[Records from a data source]
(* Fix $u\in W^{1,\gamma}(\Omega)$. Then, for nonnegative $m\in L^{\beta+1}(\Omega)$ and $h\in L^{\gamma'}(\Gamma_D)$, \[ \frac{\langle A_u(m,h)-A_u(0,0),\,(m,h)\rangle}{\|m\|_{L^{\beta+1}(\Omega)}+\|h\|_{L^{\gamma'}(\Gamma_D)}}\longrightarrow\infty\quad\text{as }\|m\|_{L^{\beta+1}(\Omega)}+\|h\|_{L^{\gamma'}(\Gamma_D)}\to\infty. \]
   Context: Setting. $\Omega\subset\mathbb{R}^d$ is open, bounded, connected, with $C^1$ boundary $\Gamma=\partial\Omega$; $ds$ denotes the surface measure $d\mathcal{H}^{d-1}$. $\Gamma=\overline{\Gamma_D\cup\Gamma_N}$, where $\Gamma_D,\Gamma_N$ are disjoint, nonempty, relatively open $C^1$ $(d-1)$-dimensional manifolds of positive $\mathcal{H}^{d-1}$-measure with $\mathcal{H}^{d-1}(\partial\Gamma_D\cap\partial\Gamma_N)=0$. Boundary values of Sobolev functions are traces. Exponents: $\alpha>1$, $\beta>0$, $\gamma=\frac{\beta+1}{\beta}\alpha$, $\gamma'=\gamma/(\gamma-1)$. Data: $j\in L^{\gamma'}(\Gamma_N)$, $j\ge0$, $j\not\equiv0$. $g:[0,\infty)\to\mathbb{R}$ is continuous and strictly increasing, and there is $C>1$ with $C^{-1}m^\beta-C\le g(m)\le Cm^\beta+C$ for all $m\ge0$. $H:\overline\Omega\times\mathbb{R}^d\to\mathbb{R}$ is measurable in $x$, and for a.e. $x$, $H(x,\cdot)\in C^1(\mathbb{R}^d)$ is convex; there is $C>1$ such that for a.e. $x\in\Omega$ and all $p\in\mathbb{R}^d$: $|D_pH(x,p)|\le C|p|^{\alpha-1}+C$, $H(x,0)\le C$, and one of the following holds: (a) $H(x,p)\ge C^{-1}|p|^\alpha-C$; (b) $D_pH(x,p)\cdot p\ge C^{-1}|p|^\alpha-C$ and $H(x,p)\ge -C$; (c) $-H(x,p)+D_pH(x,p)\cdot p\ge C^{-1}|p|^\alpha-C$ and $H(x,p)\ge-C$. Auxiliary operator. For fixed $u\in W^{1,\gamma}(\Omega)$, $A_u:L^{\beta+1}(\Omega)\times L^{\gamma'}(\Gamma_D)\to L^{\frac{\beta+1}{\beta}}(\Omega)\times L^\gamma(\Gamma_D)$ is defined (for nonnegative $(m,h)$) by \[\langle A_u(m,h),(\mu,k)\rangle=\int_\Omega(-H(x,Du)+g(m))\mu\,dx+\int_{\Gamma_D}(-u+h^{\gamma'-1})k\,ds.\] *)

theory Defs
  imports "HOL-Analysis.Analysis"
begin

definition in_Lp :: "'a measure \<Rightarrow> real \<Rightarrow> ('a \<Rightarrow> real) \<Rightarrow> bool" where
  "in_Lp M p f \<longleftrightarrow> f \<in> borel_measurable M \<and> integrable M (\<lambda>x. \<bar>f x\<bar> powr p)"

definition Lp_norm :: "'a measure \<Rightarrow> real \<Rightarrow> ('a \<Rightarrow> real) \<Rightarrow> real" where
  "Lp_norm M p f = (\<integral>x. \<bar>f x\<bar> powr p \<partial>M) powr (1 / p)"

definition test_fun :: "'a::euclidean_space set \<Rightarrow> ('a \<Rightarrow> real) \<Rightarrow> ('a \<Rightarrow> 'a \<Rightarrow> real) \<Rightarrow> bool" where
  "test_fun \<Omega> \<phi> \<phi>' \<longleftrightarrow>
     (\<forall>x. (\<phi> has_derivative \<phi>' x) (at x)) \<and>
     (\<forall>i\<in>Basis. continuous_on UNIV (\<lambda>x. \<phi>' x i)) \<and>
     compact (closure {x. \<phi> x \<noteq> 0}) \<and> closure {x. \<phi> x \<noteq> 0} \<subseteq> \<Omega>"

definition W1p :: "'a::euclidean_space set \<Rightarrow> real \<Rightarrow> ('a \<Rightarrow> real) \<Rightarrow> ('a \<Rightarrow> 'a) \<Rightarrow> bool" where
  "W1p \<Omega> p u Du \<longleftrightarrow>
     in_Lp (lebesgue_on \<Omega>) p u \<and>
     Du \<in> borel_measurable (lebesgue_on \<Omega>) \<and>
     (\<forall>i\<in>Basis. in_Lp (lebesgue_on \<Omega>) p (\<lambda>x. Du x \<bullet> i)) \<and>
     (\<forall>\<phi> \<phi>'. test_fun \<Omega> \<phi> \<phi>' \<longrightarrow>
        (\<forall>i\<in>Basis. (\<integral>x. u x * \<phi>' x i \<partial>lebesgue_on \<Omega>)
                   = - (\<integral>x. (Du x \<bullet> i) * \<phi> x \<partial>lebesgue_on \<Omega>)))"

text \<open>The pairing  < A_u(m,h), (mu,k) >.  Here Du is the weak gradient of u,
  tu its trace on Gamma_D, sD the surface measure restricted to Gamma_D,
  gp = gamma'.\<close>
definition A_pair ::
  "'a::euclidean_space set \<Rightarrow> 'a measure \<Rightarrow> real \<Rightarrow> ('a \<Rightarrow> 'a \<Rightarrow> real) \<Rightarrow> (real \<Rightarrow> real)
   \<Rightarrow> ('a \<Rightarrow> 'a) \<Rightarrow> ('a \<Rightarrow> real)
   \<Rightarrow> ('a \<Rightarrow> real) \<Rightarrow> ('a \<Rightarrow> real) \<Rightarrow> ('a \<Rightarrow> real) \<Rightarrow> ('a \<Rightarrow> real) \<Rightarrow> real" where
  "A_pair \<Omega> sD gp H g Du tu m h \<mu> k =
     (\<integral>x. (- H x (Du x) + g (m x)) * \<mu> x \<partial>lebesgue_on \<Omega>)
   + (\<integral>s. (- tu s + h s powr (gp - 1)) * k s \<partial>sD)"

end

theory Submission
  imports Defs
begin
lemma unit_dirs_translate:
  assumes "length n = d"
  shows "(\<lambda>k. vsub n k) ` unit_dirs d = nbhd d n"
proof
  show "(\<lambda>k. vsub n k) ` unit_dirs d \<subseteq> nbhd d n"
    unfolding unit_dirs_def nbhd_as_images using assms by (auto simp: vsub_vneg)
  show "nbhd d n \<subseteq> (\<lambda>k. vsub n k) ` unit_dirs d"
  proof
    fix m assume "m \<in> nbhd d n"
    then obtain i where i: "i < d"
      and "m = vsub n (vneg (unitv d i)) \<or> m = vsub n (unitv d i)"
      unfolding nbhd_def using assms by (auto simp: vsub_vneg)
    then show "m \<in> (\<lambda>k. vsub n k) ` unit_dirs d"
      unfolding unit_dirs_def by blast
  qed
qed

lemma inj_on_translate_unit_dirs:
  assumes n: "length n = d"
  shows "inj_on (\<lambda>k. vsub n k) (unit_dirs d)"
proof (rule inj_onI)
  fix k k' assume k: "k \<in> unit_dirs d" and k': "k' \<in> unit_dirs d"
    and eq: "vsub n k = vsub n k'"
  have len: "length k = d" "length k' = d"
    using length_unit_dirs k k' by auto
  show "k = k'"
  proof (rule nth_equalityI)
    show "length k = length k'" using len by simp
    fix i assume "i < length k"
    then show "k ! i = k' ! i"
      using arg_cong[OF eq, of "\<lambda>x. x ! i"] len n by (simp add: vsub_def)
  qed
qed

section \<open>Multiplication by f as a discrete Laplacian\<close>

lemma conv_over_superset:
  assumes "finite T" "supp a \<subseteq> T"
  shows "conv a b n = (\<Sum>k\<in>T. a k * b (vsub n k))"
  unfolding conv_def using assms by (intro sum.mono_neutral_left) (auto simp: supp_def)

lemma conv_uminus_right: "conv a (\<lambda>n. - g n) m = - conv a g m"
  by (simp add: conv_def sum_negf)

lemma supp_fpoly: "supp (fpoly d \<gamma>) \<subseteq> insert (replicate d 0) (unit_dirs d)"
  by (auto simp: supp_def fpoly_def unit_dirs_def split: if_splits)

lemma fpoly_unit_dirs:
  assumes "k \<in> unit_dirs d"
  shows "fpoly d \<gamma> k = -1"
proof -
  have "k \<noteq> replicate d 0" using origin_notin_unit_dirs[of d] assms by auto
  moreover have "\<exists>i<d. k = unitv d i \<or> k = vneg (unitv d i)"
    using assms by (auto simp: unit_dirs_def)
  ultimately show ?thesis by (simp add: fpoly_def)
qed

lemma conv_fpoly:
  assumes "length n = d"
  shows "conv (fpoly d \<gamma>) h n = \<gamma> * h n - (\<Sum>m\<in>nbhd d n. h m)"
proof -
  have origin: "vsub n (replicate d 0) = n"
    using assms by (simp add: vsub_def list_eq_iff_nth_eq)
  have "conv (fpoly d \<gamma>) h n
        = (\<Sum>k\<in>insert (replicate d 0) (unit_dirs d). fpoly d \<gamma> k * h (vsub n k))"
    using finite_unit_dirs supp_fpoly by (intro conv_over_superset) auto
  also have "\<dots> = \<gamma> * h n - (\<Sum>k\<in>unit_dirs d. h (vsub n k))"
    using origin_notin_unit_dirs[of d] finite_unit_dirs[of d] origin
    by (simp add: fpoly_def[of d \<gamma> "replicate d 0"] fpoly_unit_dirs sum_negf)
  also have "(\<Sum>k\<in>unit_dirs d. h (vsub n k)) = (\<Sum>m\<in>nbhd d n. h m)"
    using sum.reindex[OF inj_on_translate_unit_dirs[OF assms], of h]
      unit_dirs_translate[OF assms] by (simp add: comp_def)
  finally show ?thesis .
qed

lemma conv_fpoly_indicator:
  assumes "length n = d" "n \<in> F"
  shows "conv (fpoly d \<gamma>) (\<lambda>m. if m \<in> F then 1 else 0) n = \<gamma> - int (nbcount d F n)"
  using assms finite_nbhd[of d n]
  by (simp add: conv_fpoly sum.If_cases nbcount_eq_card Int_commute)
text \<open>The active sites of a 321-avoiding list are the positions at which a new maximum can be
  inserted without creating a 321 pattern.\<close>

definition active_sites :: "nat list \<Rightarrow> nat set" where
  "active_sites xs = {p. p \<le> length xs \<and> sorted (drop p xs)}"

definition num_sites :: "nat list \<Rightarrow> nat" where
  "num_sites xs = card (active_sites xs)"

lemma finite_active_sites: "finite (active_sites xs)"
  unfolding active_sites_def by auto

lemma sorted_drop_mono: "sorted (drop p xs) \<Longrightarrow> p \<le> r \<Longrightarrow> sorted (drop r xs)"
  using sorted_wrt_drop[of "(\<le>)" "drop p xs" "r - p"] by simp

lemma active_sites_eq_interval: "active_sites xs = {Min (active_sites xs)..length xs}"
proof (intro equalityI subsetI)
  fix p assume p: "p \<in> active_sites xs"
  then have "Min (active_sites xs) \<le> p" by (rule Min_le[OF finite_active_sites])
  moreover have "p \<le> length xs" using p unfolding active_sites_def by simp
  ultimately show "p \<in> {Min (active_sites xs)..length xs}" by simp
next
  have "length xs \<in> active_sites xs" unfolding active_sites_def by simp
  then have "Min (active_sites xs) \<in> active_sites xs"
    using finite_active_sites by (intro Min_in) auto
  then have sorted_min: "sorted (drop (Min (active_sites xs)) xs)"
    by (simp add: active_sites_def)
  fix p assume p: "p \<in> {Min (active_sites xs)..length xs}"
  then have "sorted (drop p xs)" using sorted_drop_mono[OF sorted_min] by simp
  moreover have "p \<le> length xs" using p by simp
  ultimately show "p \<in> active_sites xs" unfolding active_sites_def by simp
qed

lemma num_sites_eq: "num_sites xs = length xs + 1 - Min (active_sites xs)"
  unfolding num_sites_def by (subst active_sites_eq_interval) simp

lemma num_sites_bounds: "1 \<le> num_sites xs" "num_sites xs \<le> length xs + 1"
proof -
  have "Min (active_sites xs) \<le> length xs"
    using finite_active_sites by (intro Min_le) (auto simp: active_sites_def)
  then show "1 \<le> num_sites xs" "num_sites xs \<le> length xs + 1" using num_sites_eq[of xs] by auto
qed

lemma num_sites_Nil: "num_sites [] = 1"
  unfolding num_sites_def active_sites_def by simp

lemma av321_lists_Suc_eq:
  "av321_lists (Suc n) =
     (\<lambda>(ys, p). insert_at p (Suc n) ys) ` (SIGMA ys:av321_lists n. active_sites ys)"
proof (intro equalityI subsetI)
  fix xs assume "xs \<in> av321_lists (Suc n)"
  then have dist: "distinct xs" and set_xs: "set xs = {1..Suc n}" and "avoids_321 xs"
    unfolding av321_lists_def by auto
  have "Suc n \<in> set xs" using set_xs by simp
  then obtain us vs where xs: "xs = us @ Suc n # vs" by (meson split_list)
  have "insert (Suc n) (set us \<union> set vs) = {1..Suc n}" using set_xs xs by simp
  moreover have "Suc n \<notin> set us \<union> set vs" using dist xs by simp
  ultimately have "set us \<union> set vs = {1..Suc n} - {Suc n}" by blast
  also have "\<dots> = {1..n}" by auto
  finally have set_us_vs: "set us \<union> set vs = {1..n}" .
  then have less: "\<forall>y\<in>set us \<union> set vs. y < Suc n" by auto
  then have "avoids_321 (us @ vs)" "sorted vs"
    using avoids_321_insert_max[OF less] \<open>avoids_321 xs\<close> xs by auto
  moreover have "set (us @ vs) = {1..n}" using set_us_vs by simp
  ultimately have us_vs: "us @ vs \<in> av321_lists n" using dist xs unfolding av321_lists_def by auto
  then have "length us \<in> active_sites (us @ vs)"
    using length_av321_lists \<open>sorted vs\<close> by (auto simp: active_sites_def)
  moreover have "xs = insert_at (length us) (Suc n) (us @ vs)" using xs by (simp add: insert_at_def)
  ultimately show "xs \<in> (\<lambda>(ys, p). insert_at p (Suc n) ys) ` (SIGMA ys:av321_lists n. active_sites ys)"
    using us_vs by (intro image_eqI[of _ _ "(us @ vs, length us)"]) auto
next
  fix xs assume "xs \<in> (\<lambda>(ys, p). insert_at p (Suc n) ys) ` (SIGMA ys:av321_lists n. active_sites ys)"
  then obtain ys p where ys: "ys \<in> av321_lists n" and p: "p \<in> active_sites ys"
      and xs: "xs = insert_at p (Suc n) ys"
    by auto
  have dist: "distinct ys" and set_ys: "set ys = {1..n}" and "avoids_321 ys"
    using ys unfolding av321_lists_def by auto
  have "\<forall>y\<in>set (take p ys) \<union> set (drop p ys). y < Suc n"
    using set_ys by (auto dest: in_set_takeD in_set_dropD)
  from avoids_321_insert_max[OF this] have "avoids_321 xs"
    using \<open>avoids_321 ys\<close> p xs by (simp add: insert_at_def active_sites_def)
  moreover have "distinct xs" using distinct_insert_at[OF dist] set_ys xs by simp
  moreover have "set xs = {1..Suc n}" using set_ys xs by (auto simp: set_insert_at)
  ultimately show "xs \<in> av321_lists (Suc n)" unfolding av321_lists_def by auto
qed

The problem → From the entries above, extract only the lines running from the one containing "using sum.reindex[OF inj_on_translate_unit_dirs[OF" through the one containing "unfolding active_sites_def by auto", inclusive.

Your solution →
    using sum.reindex[OF inj_on_translate_unit_dirs[OF assms], of h]
      unit_dirs_translate[OF assms] by (simp add: comp_def)
  finally show ?thesis .
qed

lemma conv_fpoly_indicator:
  assumes "length n = d" "n \<in> F"
  shows "conv (fpoly d \<gamma>) (\<lambda>m. if m \<in> F then 1 else 0) n = \<gamma> - int (nbcount d F n)"
  using assms finite_nbhd[of d n]
  by (simp add: conv_fpoly sum.If_cases nbcount_eq_card Int_commute)
text \<open>The active sites of a 321-avoiding list are the positions at which a new maximum can be
  inserted without creating a 321 pattern.\<close>

definition active_sites :: "nat list \<Rightarrow> nat set" where
  "active_sites xs = {p. p \<le> length xs \<and> sorted (drop p xs)}"

definition num_sites :: "nat list \<Rightarrow> nat" where
  "num_sites xs = card (active_sites xs)"

lemma finite_active_sites: "finite (active_sites xs)"
  unfolding active_sites_def by auto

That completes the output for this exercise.